■ Exercise brief: Across the entries below, tally every line that holds the word "proof". Give only the tally.

■ Given entries:
(* Let $u$ be a one-sided Sturmian sequence with left special sequence $l=l_1l_2\dots$. Let $xl_1l_2\dots l_{n-1}$ and $wl_1\dots l_{m-1}$ with $1\le m<n$ and $x,w\in\{0,1\}$ be consecutive right special significant blocks of $\tilde X_u$, and let $y\in\{0,1\}$ with $y\neq l_n$. Then $\mathrm{sig}(xl_1l_2\dots l_{n-1}y)=\mathrm{sig}(wl_1\dots l_{m-1}y)$.
   Context: A sequence $u\in\{0,1\}^{\mathbb N}$ is Sturmian if for every $n\ge1$ exactly $n+1$ distinct blocks of length $n$ occur in $u$. $X_u^+$ is the closure of $\{\sigma^n u:n\in\mathbb N\}$, $\sigma$ the shift $(\sigma x)_i=x_{i+1}$, and $\tilde X_u=\{x\in\{0,1\}^{\mathbb Z}: x_px_{p+1}\dots\in X_u^+\ \forall p\}$; the languages of $u$, $X_u^+$, $\tilde X_u$ coincide. For each $n$ there is a unique block $L_n$ of length $n$ with $0L_n$ and $1L_n$ in the language; these are the prefixes $L_n=l_1\dots l_n$ of the left special sequence $l$. A block $v$ is right special if both $v0$ and $v1$ are in the language; the right special block of length $n$ is $l_nl_{n-1}\dots l_1$. For a block $a_{-n}\dots a_0$ in the language, $\mathrm{fol}(a_{-n}\dots a_0)=\{b_0b_1\dots\in X_u^+:\exists b\in\tilde X_u,\ b_{-n}\dots b_0=a_{-n}\dots a_0\}$. A block $a_{-n}\dots a_0$ ($n\ge1$) is significant if $\mathrm{fol}(a_{-n}\dots a_0)\subsetneq\mathrm{fol}(a_{-n+1}\dots a_0)$; $0$ and $1$ are also significant. $\mathrm{sig}(\cdot)$ is the longest significant suffix. For $m=1$ the block $wl_1\dots l_{m-1}$ is the single symbol $w$. The two blocks being consecutive means both are right special significant blocks and there is no right special significant block of length strictly between $m$ and $n$. *)

theory Defs
  imports Main
begin

text \<open>Alphabet {0,1} is rendered as bool (False = 0, True = 1).
  One-sided sequences: nat => bool; two-sided: int => bool; blocks: bool lists.\<close>

definition occurs_in :: "(nat \<Rightarrow> bool) \<Rightarrow> bool list \<Rightarrow> bool" where
  "occurs_in u v \<longleftrightarrow> (\<exists>k. \<forall>i<length v. u (k + i) = v ! i)"

definition lang :: "(nat \<Rightarrow> bool) \<Rightarrow> bool list set" where
  "lang u = {v. occurs_in u v}"

definition sturmian :: "(nat \<Rightarrow> bool) \<Rightarrow> bool" where
  "sturmian u \<longleftrightarrow> (\<forall>n\<ge>1. card {v \<in> lang u. length v = n} = n + 1)"

text \<open>Closure of the forward orbit of u in the product topology on {0,1}^N:
  a sequence lies in it iff every prefix occurs in u.\<close>
definition Xplus :: "(nat \<Rightarrow> bool) \<Rightarrow> (nat \<Rightarrow> bool) set" where
  "Xplus u = {x. \<forall>n. \<exists>k. \<forall>i<n. x i = u (k + i)}"

definition Xtilde :: "(nat \<Rightarrow> bool) \<Rightarrow> (int \<Rightarrow> bool) set" where
  "Xtilde u = {x. \<forall>p::int. (\<lambda>i::nat. x (p + int i)) \<in> Xplus u}"

text \<open>fol(a_{-n}..a_0): the block a (a list of length n+1) sits at positions -n..0.\<close>
definition fol :: "(nat \<Rightarrow> bool) \<Rightarrow> bool list \<Rightarrow> (nat \<Rightarrow> bool) set" where
  "fol u a = {(\<lambda>i::nat. b (int i)) | b. b \<in> Xtilde u \<and>
      (\<forall>i<length a. b (int i - int (length a - 1)) = a ! i)}"

definition significant :: "(nat \<Rightarrow> bool) \<Rightarrow> bool list \<Rightarrow> bool" where
  "significant u v \<longleftrightarrow> v \<in> lang u \<and>
     (length v = 1 \<or> (length v \<ge> 2 \<and> fol u v \<subset> fol u (tl v)))"

definition sig :: "(nat \<Rightarrow> bool) \<Rightarrow> bool list \<Rightarrow> bool list" where
  "sig u v = drop (LEAST k. k < length v \<and> significant u (drop k v)) v"

definition right_special :: "(nat \<Rightarrow> bool) \<Rightarrow> bool list \<Rightarrow> bool" where
  "right_special u v \<longleftrightarrow> v @ [False] \<in> lang u \<and> v @ [True] \<in> lang u"

definition left_special :: "(nat \<Rightarrow> bool) \<Rightarrow> bool list \<Rightarrow> bool" where
  "left_special u v \<longleftrightarrow> False # v \<in> lang u \<and> True # v \<in> lang u"

text \<open>l is the left special sequence l_1 l_2 ... (value l 0 unused):
  every prefix L_n = l_1 ... l_n is left special.\<close>
definition left_special_seq :: "(nat \<Rightarrow> bool) \<Rightarrow> (nat \<Rightarrow> bool) \<Rightarrow> bool" where
  "left_special_seq u l \<longleftrightarrow> (\<forall>n. left_special u (map l [1..<n+1]))"

end

theory Submission
  imports Defs
begin

text \<open>Write L = l_1 ... l_(n-1) and M = l_1 ... l_(m-1). The suffix of length m of the
  right special block x L is again right special, and a Sturmian language has exactly one
  right special block of each length (complexity n + 1), so this suffix is w M. It remains to
  see that no suffix of x L y longer than w M y is significant. For an intermediate suffix
  s y this holds because s is not significant, and fol(tl s) = fol(s) implies
  fol(tl s y) \<subseteq> fol(s y). For the whole block, x is the only letter that can precede L y:
  the other letter x' can be followed by L l_n, since L l_n is left special, so if x' L y
  occurred then x' L would be a second right special block of length n.\<close>

definition window :: "(int \<Rightarrow> bool) \<Rightarrow> int \<Rightarrow> nat \<Rightarrow> bool list" where
  "window b p k = map (\<lambda>i. b (p + int i)) [0..<k]"

lemma length_window [simp]: "length (window b p k) = k"
  by (simp add: window_def)

lemma window_add: "window b p (k + j) = window b p k @ window b (p + int k) j"
  by (rule nth_equalityI) (auto simp: window_def nth_append algebra_simps)

lemma window_Suc: "window b p (Suc k) = b p # window b (p + 1) k"
  using window_add[of b p 1 k] by (simp add: window_def)

lemma window_Suc_snoc: "window b p (Suc k) = window b p k @ [b (p + int k)]"
  using window_add[of b p k 1] by (simp add: window_def)

lemma window_shift: "window (\<lambda>t. b (t + c)) p k = window b (p + c) k"
  by (simp add: window_def algebra_simps)

lemma Xtilde_shift:
  assumes "b \<in> Xtilde u"
  shows "(\<lambda>t. b (t + c)) \<in> Xtilde u"
  unfolding Xtilde_def
proof (intro CollectI allI)
  fix p :: int
  have "(\<lambda>i::nat. b (p + c + int i)) \<in> Xplus u" using assms by (simp add: Xtilde_def)
  then show "(\<lambda>i::nat. b (p + int i + c)) \<in> Xplus u" by (simp add: algebra_simps)
qed

lemma window_in_lang: "b \<in> Xtilde u \<Longrightarrow> window b p k \<in> lang u"
proof -
  assume "b \<in> Xtilde u"
  then have "(\<lambda>i::nat. b (p + int i)) \<in> Xplus u" by (simp add: Xtilde_def)
  then obtain j where "\<forall>i<k. b (p + int i) = u (j + i)" by (auto simp: Xplus_def)
  then show ?thesis by (auto simp: lang_def occurs_in_def window_def)
qed

lemma window_eq_iff: "window b p k = a \<longleftrightarrow> length a = k \<and> (\<forall>i<k. b (p + int i) = a ! i)"
  by (auto simp: window_def list_eq_iff_nth_eq)

lemma fol_window:
  "fol u a = {(\<lambda>i. b (int i)) | b. b \<in> Xtilde u \<and> window b (1 - int (length a)) (length a) = a}"
proof -
  have idx: "1 - int (length a) + int i = int i - int (length a - 1)" if "i < length a" for i
    using that by linarith
  have "window b (1 - int (length a)) (length a) = a \<longleftrightarrow>
      (\<forall>i<length a. b (int i - int (length a - 1)) = a ! i)" for b
    by (simp add: window_eq_iff idx del: of_nat_diff)
  then show ?thesis by (simp add: fol_def)
qed

lemma fol_windowI:
  assumes "b \<in> Xtilde u" "window b (1 - int (length a)) (length a) = a"
  shows "(\<lambda>i. b (int i)) \<in> fol u a"
  unfolding fol_window using assms by (intro CollectI exI[of _ b]) simp

lemma fol_windowE:
  assumes "z \<in> fol u a"
  obtains b where "b \<in> Xtilde u" "z = (\<lambda>i. b (int i))"
    "window b (1 - int (length a)) (length a) = a"
  using assms unfolding fol_window by blast

lemma fol_tl_subset: "fol u a \<subseteq> fol u (tl a)"
proof (cases a)
  case (Cons c a')
  show ?thesis
  proof
    fix z assume "z \<in> fol u a"
    then obtain b where b: "b \<in> Xtilde u" "z = (\<lambda>i. b (int i))"
      "window b (- int (length a')) (Suc (length a')) = c # a'"
      by (rule fol_windowE) (simp add: Cons)
    then have "window b (1 - int (length a')) (length a') = a'"
      by (simp add: window_Suc add.commute)
    then show "z \<in> fol u (tl a)" using b(1,2) Cons by (simp add: fol_windowI)
  qed
qed simp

■ Final answer: 5